Credit risk is the risk of financial loss to the Group if a customer or counterparty to a financial instrument fails to meet its contractual obligations, and arises principally from the Group’s loans and advances to customers, trade receivables from customers; loans and investments in debt securities.

(a) Credit risk management

  • The Group’s exposure to credit risk is influenced mainly by the individual characteristics of each customer/obligor. However, management also considers the factors that may influence the credit risk of its customer base, including the default risk associated with the industry, business specific risk, management risk, transition specific risk and project related risks.

  • A financial asset is considered ‘credit-impaired’ when one or more events that have a detrimental impact on the estimated future cash flows of the financial asset have occurred. Evidence that a financial asset is credit-impaired includes the following observable data:

  • Significant financial difficulty of the issuer or the borrower.

  • A breach of contract, such as default.

  • The lender(s) of the borrower, for economic or contractual reasons relating to the borrower’s financial difficulty, having granted to the borrower concession(s) that the lender(s) would not otherwise consider.

  • It is becoming probable that the borrower will enter bankruptcy or other financial reorganisation.

  • The disappearance of the active market for that financial asset because of financial difficulties.

  • Purchase or origination of a financial asset at a deep discount that reflects the incurred credit loss.

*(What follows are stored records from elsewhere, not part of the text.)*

text \<open>
  Stein's method through the stationary drift. Let \<open>\<sigma>\<^sup>2\<close> be the sum of the arrival and service
  variances, \<open>Z\<close> exponential with mean \<open>\<sigma>\<^sup>2/2\<close>, and \<open>h\<close> 1-Lipschitz. The solution \<open>f\<close> of
  the Stein equation \<open>\<sigma>\<^sup>2/2 \<cdot> f' - f = h - E h(Z)\<close> satisfies \<open>|f'| \<le> 1\<close>, and \<open>f'\<close> is
  Lipschitz with constant \<open>4/\<sigma>\<^sup>2\<close>; let \<open>G' = f\<close>. In steady state the expected one-step change
  of \<open>G(\<epsilon> q)\<close> is zero. Expanding it to second order and using \<open>E(a - s) = -\<epsilon>\<close> and
  \<open>E(a - s)\<^sup>2 = \<sigma>\<^sup>2 + \<epsilon>\<^sup>2\<close>, the Stein equation turns the drift into
  \<open>\<epsilon>\<^sup>2 (h(\<epsilon> q) - E h(Z))\<close> plus three errors: a term of order \<open>\<epsilon>\<^sup>4\<close>, a cubic Taylor
  remainder of order \<open>\<epsilon>\<^sup>3\<close>, and a term \<open>\<epsilon>\<^sup>2 E u\<^sup>2\<close> from the unused service \<open>u\<close> at the
  boundary. Since \<open>E u = \<epsilon>\<close> and \<open>u \<le> s\<close>, truncating at \<open>K = (2/\<theta>\<^sub>2) log (1/\<epsilon>)\<close> gives
  \<open>E u\<^sup>2 \<le> K \<epsilon> + E s\<^sup>2 [s > K] = O(\<epsilon> log (1/\<epsilon>))\<close> by the light tail of \<open>s\<close>. Dividing by
  \<open>\<epsilon>\<^sup>2\<close> bounds \<open>|E h(\<epsilon> q) - E h(Z)|\<close> uniformly in \<open>h\<close>, which is the Wasserstein bound.
\<close>

section \<open>Taylor expansions with Lipschitz derivative\<close>

lemma abs_increment_le_deriv_bound:
  fixes \<phi> \<phi>' :: "real \<Rightarrow> real"
  assumes deriv: "\<And>t. (\<phi> has_real_derivative \<phi>' t) (at t)"
    and bound: "\<And>t. \<bar>t\<bar> \<le> \<bar>d\<bar> \<Longrightarrow> \<bar>\<phi>' t\<bar> \<le> B"
  shows "\<bar>\<phi> d - \<phi> 0\<bar> \<le> B * \<bar>d\<bar>"
proof -
  obtain z where z: "\<bar>z\<bar> \<le> \<bar>d\<bar>" "\<phi> d - \<phi> 0 = d * \<phi>' z"
  proof (cases "0 < d")
    case True
    with MVT2[OF True, of \<phi> \<phi>'] deriv obtain z where "0 < z" "z < d" "\<phi> d - \<phi> 0 = (d - 0) * \<phi>' z"
      by blast
    then show ?thesis using that[of z] by simp
  next
    case False
    show ?thesis
    proof (cases "d = 0")
      case True then show ?thesis using that[of 0] by simp
    next
      case False
      with \<open>\<not> 0 < d\<close> have "d < 0" by simp
      with MVT2[OF this, of \<phi> \<phi>'] deriv obtain z where "d < z" "z < 0" "\<phi> 0 - \<phi> d = (0 - d) * \<phi>' z"
        by blast
      then show ?thesis using that[of z] by (simp add: algebra_simps)
    qed
  qed
  then have "\<bar>\<phi> d - \<phi> 0\<bar> = \<bar>\<phi>' z\<bar> * \<bar>d\<bar>" by (simp add: abs_mult)
  also have "\<dots> \<le> B * \<bar>d\<bar>" using bound[OF z(1)] by (rule mult_right_mono) simp
  finally show ?thesis .
qed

    • The risk management committee has established a credit policy under which each new customer is analyzed individually for credit worthiness before the Group’s standard payment and delivery terms and conditions are offered. The Group’s review includes minimum finalised internal rating, external ratings, if they are available, background verification, financial statements, income tax returns, credit agency information, industry information, etc. Credit limits have been established for each customer and reviewed periodically and modifications are done, as and when required. Any loan exceeding prescribed limits require approval from the respective competent authority.
  • (b) Probability of default (PD)

  • The Probability of Default (PD) defines the probability that the borrower will default on its obligations in the future. Ind AS 109 requires the use of separate PD for a 12 month duration and lifetime duration based on the stage allocation of the borrower. A PD used for Ind AS 109 should reflect the institution’s view of the future and should be unbiased (i.e. it should not include any conservatism or optimism).

  • To arrive at the institution’s historical probability of default, transition matrix approach has been applied using IFCI internal obligor ratings. The point-in-time (PIT) probability of default is computed by analysing year-on-year rating transition. The through-the-cycle (TTC) PD is computed by taking simple average of historic PIT PDs. The derivation of PIT PDs is based upon the impact of relevant macro-economic factors that takes place through the Vasicek approach after incorporating the asset correlation.

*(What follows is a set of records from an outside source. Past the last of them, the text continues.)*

lemma four_mult_add_eq_iff:
  fixes x y :: nat
  assumes "x < 4" "y < 4"
  shows "4 * j + x = 4 * k + y \<longleftrightarrow> j = k \<and> x = y"
  using assms by arith

lemma Lset_iff_block_transversal: "U \<in> Lset (4 * m) \<longleftrightarrow> block_transversal 0 (2 * m) U"
proof -
  have "(\<forall>k\<in>{1..2 * m}. P k) \<longleftrightarrow> (\<forall>j<2 * m. P (Suc j))" for P
    unfolding image_Suc_lessThan[symmetric] by auto
  moreover have "Iblk (Suc j) = block 0 j" for j
    by (simp add: Iblk_def block_def)
  ultimately show ?thesis
    by (simp add: Lset_def block_transversal_def)
qed

lemma block_transversal_Un:
  assumes V: "V \<subseteq> {off + 1 .. off + 4 * m}"
    and W: "W \<subseteq> {off + 4 * m + 1 .. off + 4 * m + 4 * m'}"
  shows "block_transversal off (m + m') (V \<union> W) \<longleftrightarrow>
           block_transversal off m V \<and> block_transversal (off + 4 * m) m' W"
proof -
  have low: "(V \<union> W) \<inter> block off j = V \<inter> block off j" if "j < m" for j
    using W that by (auto simp: block_def)
  have high: "(V \<union> W) \<inter> block off (m + j) = W \<inter> block (off + 4 * m) j" for j
    using V by (auto simp: block_def)
  have split: "(\<forall>j<m + m'. P j) \<longleftrightarrow> (\<forall>j<m. P j) \<and> (\<forall>j<m'. P (m + j))" for P
  proof -
    have "P j" if "\<forall>j<m. P j" "\<forall>j<m'. P (m + j)" "j < m + m'" for j
      using that by (cases "j < m") (auto dest: spec[of _ "j - m"])
    then show ?thesis
      by auto
  qed
  have "V \<union> W \<subseteq> {off + 1 .. off + 4 * (m + m')}"
    using V W by auto
  then have "block_transversal off (m + m') (V \<union> W) \<longleftrightarrow>
      (\<forall>j<m. card ((V \<union> W) \<inter> block off j) = 1) \<and>
      (\<forall>j<m'. card ((V \<union> W) \<inter> block off (m + j)) = 1)"
    by (simp add: block_transversal_def split)
  also have "\<dots> \<longleftrightarrow> (\<forall>j<m. card (V \<inter> block off j) = 1) \<and>
      (\<forall>j<m'. card (W \<inter> block (off + 4 * m) j) = 1)"
    by (simp add: low high)
  finally show ?thesis
    using V W by (simp add: block_transversal_def)
qed
lemma recursive_segments_engine: "recursive_engine segments_engine"
proof -
  obtain f where f: "recfn 3 f"
    "\<And>xs. length xs = 3 \<Longrightarrow> f xs = (if xs ! 0 = 0 then xs ! 2 - 1 else if xs ! 2 = 0 then xs ! 0 else xs ! 0 - 1)"
    using computable_segments_engine unfolding computable_def by blast
  have "f [p, enc_opt a, enc_opt c] = segments_engine p a c" for p a c
    by (cases c) (simp_all add: f(2) segments_engine_def enc_opt_def)
  with f(1) show ?thesis
    unfolding recursive_engine_def by blast
qed

lemma check_ok_UNIV: "check_ok UNIV H c \<Longrightarrow> c = None"
  by (auto simp: check_ok_def split: option.splits)

lemma segments_engine_leaves_UNIV:
  assumes "check_ok {..k} UNIV c"
  shows "Suc k \<le> segments_engine 0 a c"
proof -
  obtain m where "c = Some m" "k < m"
    using assms by (auto simp: check_ok_def split: option.splits)
  then show ?thesis by (simp add: segments_engine_def)
qed

lemma segments_engine_descends:
  assumes "check_ok {..k} (segments p) c" "Suc k \<le> p"
  shows "segments_engine p a c = max (Suc k) (p - 1)"
proof -
  obtain j where p: "p = Suc j" "k \<le> j" using assms(2) by (cases p) auto
  show ?thesis
  proof (cases "j = k")
    case True
    then have "c = None" using assms(1) p by (auto simp: check_ok_def split: option.splits)
    then show ?thesis using p True by (simp add: segments_engine_def)
  next
    case False
    then have "\<not> {..j} \<subseteq> {..k}" using p by auto
    then obtain m where "c = Some m"
      using assms(1) p by (auto simp: check_ok_def split: option.splits)
    then show ?thesis using p False by (simp add: segments_engine_def)
  qed
qed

  • The following borrowers have been considered to have been defaulted/credit-impaired, for the purpose of probability of default computation:

  • Borrowers whose rating has downgraded to IFCI-10 (internal obligor rating).

  • Borrowers whose accounts have been restructured with impairment in loan value.

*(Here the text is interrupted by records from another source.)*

(* If $\psi^A_W$ with $A:W\to\{S,I\}$ is a subsystem state belonging to $M_E$ and $|W|>2$, then there exists $X\supseteq W$ such that $D[X]$ is a directed sub-block.
   Context: $D=(V,A)$ is a directed graph on $V=\{1,\dots,N\}$ with rates $T_{ij}\ge0$, $T_{ij}>0$ iff $(j,i)\in A$, $T_{ii}=0$. A subsystem state is $\psi^A_W$ with $W\subseteq V$ nonempty, $A:W\to\{S,I,R\}$; $S_i,I_i$ are single-node states; for $n\notin W$, $\psi^A_WI_n$ is the state on $W\cup\{n\}$ extending $A$ with $n$ in state $I$; $h^X_k(\psi^A_W)$ changes the state of $k\in W$ to $X$. $\mathrm{IN}(X)$ is the set of nodes from which some member of $X$ is reachable by a directed path; $f_E(X,Y,Z)=1$ iff $\mathrm{IN}(X)\cap\mathrm{IN}(Y)=\emptyset$ in $D-Z$ (else $0$), with the convention $f_E(\{n\},\emptyset,\{k\})=0$. A state $\psi^A_W$, $A:W\to\{S,I\}$, induces: $\psi^A_W$; $h^S_k(\psi^A_W)$ for $k\in W$ with $A_k=I$ and $T_{kn}>0$ for some $n\in W$ with $A_n=I$; and for each $k\in W$, $n\in V\setminus W$ with $T_{kn}>0$: the state $h^S_k(\psi^A_W)I_n$ if $f_E(\{n\},W\setminus\{k\},\{k\})=0$, or the states $h^S_k(\psi^A_W)$, $S_kI_n$, $S_k$ if it equals $1$. $M_E$ is the smallest set of subsystem states containing all $S_i,I_i$ and closed under induced states. $D[X]$ is the subgraph induced on $X$. A graph is biconnected if it has at least three vertices, is connected, and remains connected after deleting any single vertex. $D[X]$ is a directed sub-block if some node of $X$ is reachable by a directed path within $D[X]$ from every other node of $X$ and the underlying undirected graph of $D[X]$ is biconnected. *)

theory Defs
  imports Complex_Main
begin

datatype nstate = S | I | R

definition verts :: "nat \<Rightarrow> nat set" where
  "verts N = {1..N}"

definition arc :: "nat \<Rightarrow> (nat \<Rightarrow> nat \<Rightarrow> real) \<Rightarrow> nat \<Rightarrow> nat \<Rightarrow> bool" where
  "arc N T j i \<longleftrightarrow> j \<in> verts N \<and> i \<in> verts N \<and> T i j > 0"

text \<open>A subsystem state psi^A_W is a partial map with domain W.\<close>
type_synonym sstate = "nat \<Rightarrow> nstate option"

definition subsystem_state :: "nat \<Rightarrow> sstate \<Rightarrow> bool" where
  "subsystem_state N \<psi> \<longleftrightarrow> dom \<psi> \<noteq> {} \<and> dom \<psi> \<subseteq> verts N"

definition arcs_minus :: "nat \<Rightarrow> (nat \<Rightarrow> nat \<Rightarrow> real) \<Rightarrow> nat set \<Rightarrow> (nat \<times> nat) set" where
  "arcs_minus N T Z = {(u, v). arc N T u v \<and> u \<notin> Z \<and> v \<notin> Z}"

definition IN :: "nat \<Rightarrow> (nat \<Rightarrow> nat \<Rightarrow> real) \<Rightarrow> nat set \<Rightarrow> nat set \<Rightarrow> nat set" where
  "IN N T Z X = {u. u \<in> verts N - Z \<and> (\<exists>x\<in>X. x \<in> verts N - Z \<and> (u, x) \<in> (arcs_minus N T Z)\<^sup>*)}"

text \<open>f_E(X,Y,Z) as a boolean (True = 1), with the convention f_E({n},{},{k}) = 0.\<close>
definition fE :: "nat \<Rightarrow> (nat \<Rightarrow> nat \<Rightarrow> real) \<Rightarrow> nat set \<Rightarrow> nat set \<Rightarrow> nat set \<Rightarrow> bool" where
  "fE N T X Y Z \<longleftrightarrow>
     (if (\<exists>n k. X = {n} \<and> Y = {} \<and> Z = {k}) then False
      else IN N T Z X \<inter> IN N T Z Y = {})"

definition induced :: "nat \<Rightarrow> (nat \<Rightarrow> nat \<Rightarrow> real) \<Rightarrow> sstate \<Rightarrow> sstate set" where
  "induced N T \<psi> =
     {\<psi>}
   \<union> {\<psi>(k \<mapsto> S) | k. \<psi> k = Some I \<and> (\<exists>n. \<psi> n = Some I \<and> T k n > 0)}
   \<union> {\<phi>. \<exists>k n. k \<in> dom \<psi> \<and> n \<in> verts N - dom \<psi> \<and> T k n > 0 \<and>
        (if fE N T {n} (dom \<psi> - {k}) {k}
         then \<phi> \<in> {\<psi>(k \<mapsto> S), [k \<mapsto> S, n \<mapsto> I], [k \<mapsto> S]}
         else \<phi> = \<psi>(k \<mapsto> S, n \<mapsto> I))}"

inductive_set ME :: "nat \<Rightarrow> (nat \<Rightarrow> nat \<Rightarrow> real) \<Rightarrow> sstate set" for N T where
  single_S: "i \<in> verts N \<Longrightarrow> [i \<mapsto> S] \<in> ME N T"
| single_I: "i \<in> verts N \<Longrightarrow> [i \<mapsto> I] \<in> ME N T"
| induce: "\<psi> \<in> ME N T \<Longrightarrow> ran \<psi> \<subseteq> {S, I} \<Longrightarrow> \<phi> \<in> induced N T \<psi> \<Longrightarrow> \<phi> \<in> ME N T"

definition uadj :: "nat \<Rightarrow> (nat \<Rightarrow> nat \<Rightarrow> real) \<Rightarrow> nat set \<Rightarrow> (nat \<times> nat) set" where
  "uadj N T X = {(u, v). u \<in> X \<and> v \<in> X \<and> (arc N T u v \<or> arc N T v u)}"

definition uconnected :: "nat \<Rightarrow> (nat \<Rightarrow> nat \<Rightarrow> real) \<Rightarrow> nat set \<Rightarrow> bool" where
  "uconnected N T X \<longleftrightarrow> (\<forall>u\<in>X. \<forall>v\<in>X. (u, v) \<in> (uadj N T X)\<^sup>*)"

definition biconnected :: "nat \<Rightarrow> (nat \<Rightarrow> nat \<Rightarrow> real) \<Rightarrow> nat set \<Rightarrow> bool" where
  "biconnected N T X \<longleftrightarrow> finite X \<and> card X \<ge> 3 \<and> uconnected N T X \<and>
     (\<forall>v\<in>X. uconnected N T (X - {v}))"

definition arcs_in :: "nat \<Rightarrow> (nat \<Rightarrow> nat \<Rightarrow> real) \<Rightarrow> nat set \<Rightarrow> (nat \<times> nat) set" where
  "arcs_in N T X = {(u, v). u \<in> X \<and> v \<in> X \<and> arc N T u v}"

definition directed_subblock :: "nat \<Rightarrow> (nat \<Rightarrow> nat \<Rightarrow> real) \<Rightarrow> nat set \<Rightarrow> bool" where
  "directed_subblock N T X \<longleftrightarrow> X \<subseteq> verts N \<and>
     (\<exists>r\<in>X. \<forall>u\<in>X. (u, r) \<in> (arcs_in N T X)\<^sup>*) \<and> biconnected N T X"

  • Borrowers being classified as NPAs.

  • (c) Definition of default

Default has not been defined under Ind AS. An entity shall apply a default definition that is consistent with the definition used for internal credit risk management purposes and consider qualitative indicators when appropriate. A loan is considered as defaulted and therefore Stage-3 (credit impaired) for ECL calculations in the following cases:

  • On deterioration of the IFCI internal combined ratings of the borrower to CR-9 or CR-10 (Comparison to be done between origination rating and current rating).

  • On asset being classified as NPA as per RBI prudential norms.

  • On restructuring of assets with impairment in loan value.

(d) Exposure at default (EAD)

  • The exposure at default (EAD) represents the gross carrying amount of the financial instruments which is subject to the impairment calculation.

  • (e) Loss given default (LGD)

  • LGD is an estimate of the loss from the transaction given that a default occurs. The LGD component of ECL is independent of deterioration of asset quality, and thus applied uniformly across various stages. With respect to loan portfolio, NPA accounts which have originated in past 7 years and have been closed, along with NPA accounts ageing more than 3 years (assumed as closed), have been considered for LGD computation.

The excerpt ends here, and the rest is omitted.